Захохотал и Бестужев:

— Не прибежит от Сампсония с головою, под локтем зажатой!

Анна Иоанновна отбросила от себя карты:

— Как все красно в глазах… будто кровью облито.

Кабинет-министры утешали ее:

— Галлюцинации вредные бывают с каждым, но предчувствия тут не должно быть, ибо сие вне пределов божиего откровения…

— Нет, нет! — говорила Анна Иоанновна. — Я же не слепая, я видела кровь на картах… ой, как страшно мне и тоскливо.

Шумели дожди. Легкой поступью вошел в залу Бирон, велел затеплить побольше свечей. Императрицу он нежно гладил по руке:

— Не верьте галлюцинациям. Просто у вашего величества случился маленький прилив крови к голове… Пойдемте, я провожу вас до опочивальни…

12 августа дворец Летний среди ночи осветился огнями. Анна Леопольдовна родила для русского престола наследника, которого нарекли — в честь прадеда — Иоанном, а по отцу Брауншвейгскому принцу Антону Ульриху дали ему русское отчество — Антонович.

Радость императрицы была безмерна.

— Слава всевышнему! — ликовала она, часами простаивая перед иконами. — Слава, что дал ты наследника вечному дому моему… Пробил час мой торжественный: отныне спокойна я!

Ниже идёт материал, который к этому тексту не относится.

(* Let $H$ be a hypergraph on $V=[n]$. Then $H$ is $r$-cross-free if and only if $\mathrm{cl}_r(H)$ is $r$-cross-free.
   Context: Hypergraphs on $V$ are identified with their hyperedge sets. $\mathcal K_r(n)$ is the class of hypergraphs $\mathcal E$ on $V$ satisfying: (R0) every $X\subseteq V$ with $|X|\le r$ is in $\mathcal E$; (R1) $A\in\mathcal E\Rightarrow V\setminus A\in\mathcal E$; (R2) $A,B\in\mathcal E$ and $|A\cap B|\ge r\Rightarrow A\cup B\in\mathcal E$. $\mathcal K^0_r(n)$ is the class satisfying (R0) and (R1) only. $\mathrm{cl}_r(H)$ (resp. $\mathrm{cl}^0_r(H)$) is the intersection of all hypergraphs in $\mathcal K_r(n)$ (resp. $\mathcal K^0_r(n)$) containing $H$. $A,B\subseteq V$ are $r$-orthogonal if $\mathrm{cl}_r(\{A,B\})=\mathrm{cl}^0_r(\{A,B\})$. $H$ is $r$-cross-free if every pair of its hyperedges is $r$-orthogonal. *)

theory Defs
  imports Main
begin

definition ground :: "nat \<Rightarrow> nat set" where
  "ground n = {1..n}"

definition hypergraph_on :: "nat \<Rightarrow> nat set set \<Rightarrow> bool" where
  "hypergraph_on n H \<longleftrightarrow> H \<subseteq> Pow (ground n)"

definition K0 :: "nat \<Rightarrow> nat \<Rightarrow> nat set set set" where
  "K0 r n = {E. hypergraph_on n E
      \<and> (\<forall>X. X \<subseteq> ground n \<and> card X \<le> r \<longrightarrow> X \<in> E)
      \<and> (\<forall>A\<in>E. ground n - A \<in> E)}"

definition K :: "nat \<Rightarrow> nat \<Rightarrow> nat set set set" where
  "K r n = {E. E \<in> K0 r n
      \<and> (\<forall>A\<in>E. \<forall>B\<in>E. card (A \<inter> B) \<ge> r \<longrightarrow> A \<union> B \<in> E)}"

definition cl :: "nat \<Rightarrow> nat \<Rightarrow> nat set set \<Rightarrow> nat set set" where
  "cl r n H = \<Inter> {E \<in> K r n. H \<subseteq> E}"

definition cl0 :: "nat \<Rightarrow> nat \<Rightarrow> nat set set \<Rightarrow> nat set set" where
  "cl0 r n H = \<Inter> {E \<in> K0 r n. H \<subseteq> E}"

definition orthogonal :: "nat \<Rightarrow> nat \<Rightarrow> nat set \<Rightarrow> nat set \<Rightarrow> bool" where
  "orthogonal r n A B \<longleftrightarrow> cl r n {A, B} = cl0 r n {A, B}"

definition cross_free :: "nat \<Rightarrow> nat \<Rightarrow> nat set set \<Rightarrow> bool" where
  "cross_free r n H \<longleftrightarrow> (\<forall>A\<in>H. \<forall>B\<in>H. orthogonal r n A B)"

end

theory Submission
  imports Defs
begin

text \<open>
  Explicitly, \<open>cl\<^sup>0\<^sub>r(H)\<close> consists of the hyperedges of \<open>H\<close>, their complements, and
  the sets \<open>X\<close> with \<open>|X| \<le> r\<close> or \<open>|V - X| \<le> r\<close>. These small and co-small sets never
  matter for (R2): if \<open>|X \<inter> Y| \<ge> r\<close>, then \<open>X \<union> Y = Y\<close> when \<open>|X| \<le> r\<close>, and \<open>X \<union> Y\<close> is
  co-small when \<open>|V - X| \<le> r\<close>. Hence \<open>cl\<^sup>0\<^sub>r(H)\<close> satisfies (R2), i.e. equals \<open>cl\<^sub>r(H)\<close>,
  as soon as it contains \<open>U \<union> W\<close> whenever \<open>U, W\<close> are hyperedges or complements of
  hyperedges with \<open>|U \<inter> W| \<ge> r\<close>; for \<open>U, W\<close> coming from two hyperedges \<open>A, B\<close> this is
  what orthogonality of \<open>A\<close> and \<open>B\<close> provides. So \<open>cl\<^sub>r(H) = cl\<^sup>0\<^sub>r(H)\<close> for cross-free \<open>H\<close>,
  and its members are pairwise orthogonal, because orthogonality is invariant under
  complementation and holds trivially when one of the sets is small or co-small.
\<close>

definition compl_closure :: "nat \<Rightarrow> nat set set \<Rightarrow> nat set set" where
  "compl_closure n G = G \<union> (\<lambda>A. ground n - A) ` G"

definition small_or_cosmall :: "nat \<Rightarrow> nat \<Rightarrow> nat set set" where
  "small_or_cosmall r n = {X. X \<subseteq> ground n \<and> (card X \<le> r \<or> card (ground n - X) \<le> r)}"

definition R2_closed :: "nat \<Rightarrow> nat set set \<Rightarrow> bool" where
  "R2_closed r E \<longleftrightarrow> (\<forall>A\<in>E. \<forall>B\<in>E. r \<le> card (A \<inter> B) \<longrightarrow> A \<union> B \<in> E)"

lemma finite_ground [simp]: "finite (ground n)"
  by (simp add: ground_def)

lemma K_iff: "E \<in> K r n \<longleftrightarrow> E \<in> K0 r n \<and> R2_closed r E"
  by (auto simp: K_def R2_closed_def)

lemma K0_compl_iff:
  assumes "E \<in> K0 r n" and "A \<subseteq> ground n"
  shows "ground n - A \<in> E \<longleftrightarrow> A \<in> E"
proof -
  have "ground n - (ground n - A) = A" using assms(2) by auto
  then show ?thesis using assms(1) by (auto simp: K0_def)
qed

lemma small_or_cosmall_subset_K0:
  assumes E: "E \<in> K0 r n"
  shows "small_or_cosmall r n \<subseteq> E"
proof
  fix X assume X: "X \<in> small_or_cosmall r n"
  then have sub: "X \<subseteq> ground n" by (simp add: small_or_cosmall_def)
  have R0: "\<And>Y. Y \<subseteq> ground n \<Longrightarrow> card Y \<le> r \<Longrightarrow> Y \<in> E"
    using E by (simp add: K0_def)
  show "X \<in> E"
    using X R0[OF sub] R0[of "ground n - X"] K0_compl_iff[OF E sub]
    by (auto simp: small_or_cosmall_def)
qed

lemma compl_small_or_cosmall:
  "X \<in> small_or_cosmall r n \<Longrightarrow> ground n - X \<in> small_or_cosmall r n"
  by (auto simp: small_or_cosmall_def double_diff)

lemma compl_closure_Un_small_or_cosmall_in_K0:
  assumes "G \<subseteq> Pow (ground n)"
  shows "compl_closure n G \<union> small_or_cosmall r n \<in> K0 r n"
proof -
  let ?E = "compl_closure n G \<union> small_or_cosmall r n"
  have "?E \<subseteq> Pow (ground n)"
    using assms by (auto simp: compl_closure_def small_or_cosmall_def)
  moreover have "X \<in> ?E" if "X \<subseteq> ground n" "card X \<le> r" for X
    using that by (simp add: small_or_cosmall_def)
  moreover have "ground n - A \<in> ?E" if A: "A \<in> ?E" for A
  proof -
    consider "A \<in> G" | B where "B \<in> G" "A = ground n - B" | "A \<in> small_or_cosmall r n"
      using A by (auto simp: compl_closure_def)
    then show ?thesis
    proof cases
      case (2 B)
      then have "ground n - A = B" using assms by auto
      then show ?thesis using 2 by (simp add: compl_closure_def)
    qed (simp_all add: compl_closure_def compl_small_or_cosmall)
  qed
  ultimately show ?thesis
    by (simp add: K0_def hypergraph_on_def)
qed

lemma compl_closure_subset_K0:
  assumes "E \<in> K0 r n" and "G \<subseteq> E"
  shows "compl_closure n G \<subseteq> E"
  using assms by (auto simp: compl_closure_def K0_def)

lemma cl0_explicit:
  assumes "G \<subseteq> Pow (ground n)"
  shows "cl0 r n G = compl_closure n G \<union> small_or_cosmall r n"
proof
  have "G \<subseteq> compl_closure n G \<union> small_or_cosmall r n"
    by (auto simp: compl_closure_def)
  then show "cl0 r n G \<subseteq> compl_closure n G \<union> small_or_cosmall r n"
    unfolding cl0_def using compl_closure_Un_small_or_cosmall_in_K0[OF assms]
    by (intro Inter_lower) simp
  show "compl_closure n G \<union> small_or_cosmall r n \<subseteq> cl0 r n G"
    unfolding cl0_def
  proof (rule Inter_greatest)
    fix E assume "E \<in> {E \<in> K0 r n. G \<subseteq> E}"
    then have "E \<in> K0 r n" "G \<subseteq> E" by auto
    then show "compl_closure n G \<union> small_or_cosmall r n \<subseteq> E"
      by (intro Un_least compl_closure_subset_K0 small_or_cosmall_subset_K0)
  qed
qed

lemma cl0_mono: "G \<subseteq> G' \<Longrightarrow> cl0 r n G \<subseteq> cl0 r n G'"
  by (auto simp: cl0_def)

lemma cl0_in_K0: "G \<subseteq> Pow (ground n) \<Longrightarrow> cl0 r n G \<in> K0 r n"
  by (simp add: cl0_explicit compl_closure_Un_small_or_cosmall_in_K0)

lemma cl0_subset_Pow: "G \<subseteq> Pow (ground n) \<Longrightarrow> cl0 r n G \<subseteq> Pow (ground n)"
  using cl0_in_K0[of G n r] by (simp add: K0_def hypergraph_on_def)

lemma Pow_ground_in_K: "Pow (ground n) \<in> K r n"
  by (auto simp: K_def K0_def hypergraph_on_def)

lemma cl_in_K:
  assumes "G \<subseteq> Pow (ground n)"
  shows "cl r n G \<in> K r n"
proof -
  let ?F = "{E \<in> K r n. G \<subseteq> E}"
  have "Pow (ground n) \<in> ?F" using Pow_ground_in_K assms by auto
  then have "hypergraph_on n (\<Inter>?F)" by (auto simp: hypergraph_on_def)
  moreover have "\<forall>X. X \<subseteq> ground n \<and> card X \<le> r \<longrightarrow> X \<in> \<Inter>?F"
    by (auto simp: K_def K0_def)
  moreover have "\<forall>A\<in>\<Inter>?F. ground n - A \<in> \<Inter>?F"
    by (auto simp: K_def K0_def)
  moreover have "\<forall>A\<in>\<Inter>?F. \<forall>B\<in>\<Inter>?F. card (A \<inter> B) \<ge> r \<longrightarrow> A \<union> B \<in> \<Inter>?F"
    by (auto simp: K_def)
  ultimately show ?thesis
    by (simp add: K_def K0_def cl_def)
qed

lemma cl0_subset_cl: "cl0 r n G \<subseteq> cl r n G"
  unfolding cl0_def cl_def K_def by blast

lemma cl_eq_cl0_iff:
  assumes G: "G \<subseteq> Pow (ground n)"
  shows "cl r n G = cl0 r n G \<longleftrightarrow> R2_closed r (cl0 r n G)"
proof
  assume "cl r n G = cl0 r n G"
  then show "R2_closed r (cl0 r n G)" using cl_in_K[OF G] K_iff by metis
next
  assume "R2_closed r (cl0 r n G)"
  then have "cl0 r n G \<in> K r n" using cl0_in_K0[OF G] K_iff by blast
  moreover have "G \<subseteq> cl0 r n G" by (auto simp: cl0_def)
  ultimately have "cl r n G \<subseteq> cl0 r n G" by (auto simp: cl_def)
  then show "cl r n G = cl0 r n G" using cl0_subset_cl by blast
qed

lemma Un_small_or_cosmall:
  assumes X: "X \<in> small_or_cosmall r n" and Y: "Y \<subseteq> ground n"
    and r: "r \<le> card (X \<inter> Y)"
  shows "X \<union> Y = Y \<or> X \<union> Y \<in> small_or_cosmall r n"
proof (cases "card X \<le> r")
  case True
  have "finite X" using X by (auto simp: small_or_cosmall_def intro: finite_subset)
  moreover have "card X \<le> card (X \<inter> Y)" using True r by simp
  ultimately have "X \<inter> Y = X" by (metis card_seteq inf_le1)
  then show ?thesis by auto
next
  case False
  then have "card (ground n - X) \<le> r" using X by (simp add: small_or_cosmall_def)
  moreover have "card (ground n - (X \<union> Y)) \<le> card (ground n - X)"
    by (rule card_mono) auto
  ultimately show ?thesis using X Y by (auto simp: small_or_cosmall_def)
qed

lemma R2_closed_cl0_iff:
  assumes G: "G \<subseteq> Pow (ground n)"
  shows "R2_closed r (cl0 r n G) \<longleftrightarrow>
    (\<forall>U\<in>compl_closure n G. \<forall>W\<in>compl_closure n G. r \<le> card (U \<inter> W) \<longrightarrow> U \<union> W \<in> cl0 r n G)"
  (is "_ \<longleftrightarrow> ?pairs")
proof
  assume "R2_closed r (cl0 r n G)"
  then show ?pairs by (auto simp: R2_closed_def cl0_explicit[OF G])
next
  assume pairs: ?pairs
  have "U \<union> W \<in> cl0 r n G"
    if U: "U \<in> cl0 r n G" and W: "W \<in> cl0 r n G" and r: "r \<le> card (U \<inter> W)" for U W
  proof -
    have "U \<subseteq> ground n" "W \<subseteq> ground n" using U W cl0_subset_Pow[OF G] by auto
    then consider "U \<in> small_or_cosmall r n" "U \<union> W = W \<or> U \<union> W \<in> small_or_cosmall r n"
      | "W \<in> small_or_cosmall r n" "U \<union> W = U \<or> U \<union> W \<in> small_or_cosmall r n"
      | "U \<in> compl_closure n G" "W \<in> compl_closure n G"
      using U W r Un_small_or_cosmall[of U r n W] Un_small_or_cosmall[of W r n U]
      by (auto simp: cl0_explicit[OF G] Int_commute Un_commute)
    then show ?thesis
      using U W r pairs by cases (auto simp: cl0_explicit[OF G])
  qed
  then show "R2_closed r (cl0 r n G)" by (simp add: R2_closed_def)
qed

lemma cl0_insert_compl:
  assumes "A \<subseteq> ground n"
  shows "cl0 r n (insert (ground n - A) G) = cl0 r n (insert A G)"
proof -
  have "{E \<in> K0 r n. insert (ground n - A) G \<subseteq> E} = {E \<in> K0 r n. insert A G \<subseteq> E}"
    using K0_compl_iff[OF _ assms] by auto
  then show ?thesis by (simp add: cl0_def)
qed

lemma cl_insert_compl:
  assumes "A \<subseteq> ground n"
  shows "cl r n (insert (ground n - A) G) = cl r n (insert A G)"
proof -
  have "{E \<in> K r n. insert (ground n - A) G \<subseteq> E} = {E \<in> K r n. insert A G \<subseteq> E}"
    using K0_compl_iff[OF _ assms] by (auto simp: K_iff)
  then show ?thesis by (simp add: cl_def)
qed

lemma orthogonal_commute: "orthogonal r n A B \<longleftrightarrow> orthogonal r n B A"
  by (simp add: orthogonal_def insert_commute)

Ребенок, обмыт и закутан в соболя, был возложен на подушку атласную, которую держали на вытянутых руках четыре арапа.

— Убью, коли шелохнете не так, — сказала им Анна.

На этой подушке арапы сразу перетащили Иоанна Антоновича в покои императрицы, а мать с отцом от своего ребенка были отставлены. Бирона лихорадило, хотя наружно герцог обязан был радость выражать. Ребенок родился вполне здоров (что тоже плохо для Бирона), большеголовый, он разевал свой розовый рот, охотно ловил крупные, как виноградины, сосцы бабищи-кормилицы…

Теперь начнется свалка при дворе! Остерману выгодно наследование престола младенцем Иоанном Антоновичем; тогда он при малолетнем императоре станет двигать Россию, как ему хочется. А враг его, герцог Бирон, к великому счастью Остермана, всегда враждовал с родителями ребенка, и от этого Остерману чуялись приятные конъюнктуры. Но герцог Бирон тоже не дремал, подобно сытому коту над чашкою сметаны. У него в интриге придворной были свои конъюнктуры — дерзновенные!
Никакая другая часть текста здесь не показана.